I’ve been trying to work with some of the ACS data for counties in Illinois. I am specifically interested in PUMA 1600, although I’ve seen similar issues and am concerned about these other PUMAs in the state. Based on the ACS 5 yr. data for 2008-2012 that I downloaded, there are approximately 29,000 people in the 5 counties that make up PUMA 1602 (Code 17 01602). Based on what these coutnties individual populations sumed together, there should be approximately 148,000. It was my understanding that PUMAs had to be made up of 100,000 people or more to keep the data from being identifying so I am a bit confused as to what these PUMAS of <100,000 really represent. Any help would be greatly appreciated in understanding:
Why this might be the case?
What might be a way to work around it?
Or if I need to use a different data set what recommendations there might be for an alternative set?
We need to be able to break them down into PUMAs for the demographic information we are trying to retreive. Because of this, the 5-year was our best bet.
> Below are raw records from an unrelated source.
(* Let $\Lambda=(\mathcal{L}\subset\mathbb{R}^s,\mathbb{R}^n)$ be a cut-and-project scheme, $L\in\mathbb{R}^{s\times s}$ a matrix associated to $\mathcal{L}$, and $Y=L^{-1}$ with columns $Y_{\bullet 1},\dots,Y_{\bullet s}$. Then $\Lambda$ is (i) non-degenerate if and only if $\mathrm{span}_\mathbb{C}\{Y_{\bullet n+1},\dots,Y_{\bullet s}\}\cap\mathbb{Q}^s=\{\mathbf{0}\}$; (ii) aperiodic if and only if $\mathrm{span}_\mathbb{C}\{Y_{\bullet 1},\dots,Y_{\bullet n}\}\cap\mathbb{Q}^s=\{\mathbf{0}\}$; (iii) irreducible if and only if there exists $\mathbf{y}\in\mathrm{span}_\mathbb{C}\{Y_{\bullet 1},\dots,Y_{\bullet n}\}$ such that $\mathbf{q}^\top\mathbf{y}\neq 0$ for all $\mathbf{q}\in\mathbb{Z}^s\setminus\{\mathbf{0}\}$.
   Context: A lattice $\mathcal{L}\subset\mathbb{R}^s$ is $\{L\mathbf{r}:\mathbf{r}\in\mathbb{Z}^s\}$ for a non-singular $L\in\mathbb{R}^{s\times s}$. For $1\le n<s$ the cut-and-project scheme $(\mathcal{L}\subset\mathbb{R}^s,\mathbb{R}^n)$ has projections $\pi_\parallel(\mathbf{x})=(x_1,\dots,x_n)^\top$, $\pi_\perp(\mathbf{x})=(x_{n+1},\dots,x_s)^\top$. It is non-degenerate if $\pi_\parallel|_{\mathcal{L}}$ is injective, aperiodic if $\pi_\perp|_{\mathcal{L}}$ is injective, and irreducible if $\pi_\perp(\mathcal{L})$ is dense in $\mathbb{R}^{s-n}$. *)

theory Defs
  imports Complex_Main "Jordan_Normal_Form.Matrix"
begin

text \<open>Vectors in R^s are Jordan_Normal_Form vectors of dimension s (0-based indices).\<close>

definition int_vecs :: "nat \<Rightarrow> real vec set" where
  "int_vecs s = {r \<in> carrier_vec s. \<forall>i<s. r $ i \<in> \<int>}"

definition lattice_of :: "nat \<Rightarrow> real mat \<Rightarrow> real vec set" where
  "lattice_of s L = {mult_mat_vec L r | r. r \<in> int_vecs s}"

definition pi_par :: "nat \<Rightarrow> real vec \<Rightarrow> real vec" where
  "pi_par n x = vec n (\<lambda>i. x $ i)"

definition pi_perp :: "nat \<Rightarrow> nat \<Rightarrow> real vec \<Rightarrow> real vec" where
  "pi_perp s n x = vec (s - n) (\<lambda>i. x $ (n + i))"

definition vdist :: "nat \<Rightarrow> real vec \<Rightarrow> real vec \<Rightarrow> real" where
  "vdist k x y = sqrt (\<Sum>i<k. (x $ i - y $ i)\<^sup>2)"

definition dense_in_Rk :: "nat \<Rightarrow> real vec set \<Rightarrow> bool" where
  "dense_in_Rk k A \<longleftrightarrow> A \<subseteq> carrier_vec k \<and>
     (\<forall>x \<in> carrier_vec k. \<forall>e>0. \<exists>a\<in>A. vdist k a x < e)"

definition non_degenerate :: "nat \<Rightarrow> nat \<Rightarrow> real mat \<Rightarrow> bool" where
  "non_degenerate s n L \<longleftrightarrow> inj_on (pi_par n) (lattice_of s L)"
Any help would be greatly appreciated. Thank you.
I believe the source of your problem is the fact that the 5-year 2012 ACS uses two sets of PUMA codes and boundaries (as explained in the Not Regarding Multi-year Samples at the bottom of the PUMA variable description). The PUMA code 01602 in Illinois only exists for 2012 sample respondents, which is only one-fifth of the full 5-year sample. Multiplying 29,000 by 5 will get you closer to the 148,000 figure you were expecting. To consistently identify geographic areas in the 2012 multi-year samples the new and old PUMA boundaries either have to be identical or you would need to combine PUMAs within the New and Old sets so that their boundaries are identical. In some areas, especially densely populated cities, this is relatively easy and not much geographic specificity is sacrificed. In other, less densely populated areas, a lot of geographic specificity is lost.
An alternative would be to use the 2011 5-year ACS file. The 2011 multi-year files use the same PUMA codes and boundaries throughout the sample, thus avoiding any issues of matching boundaries across years.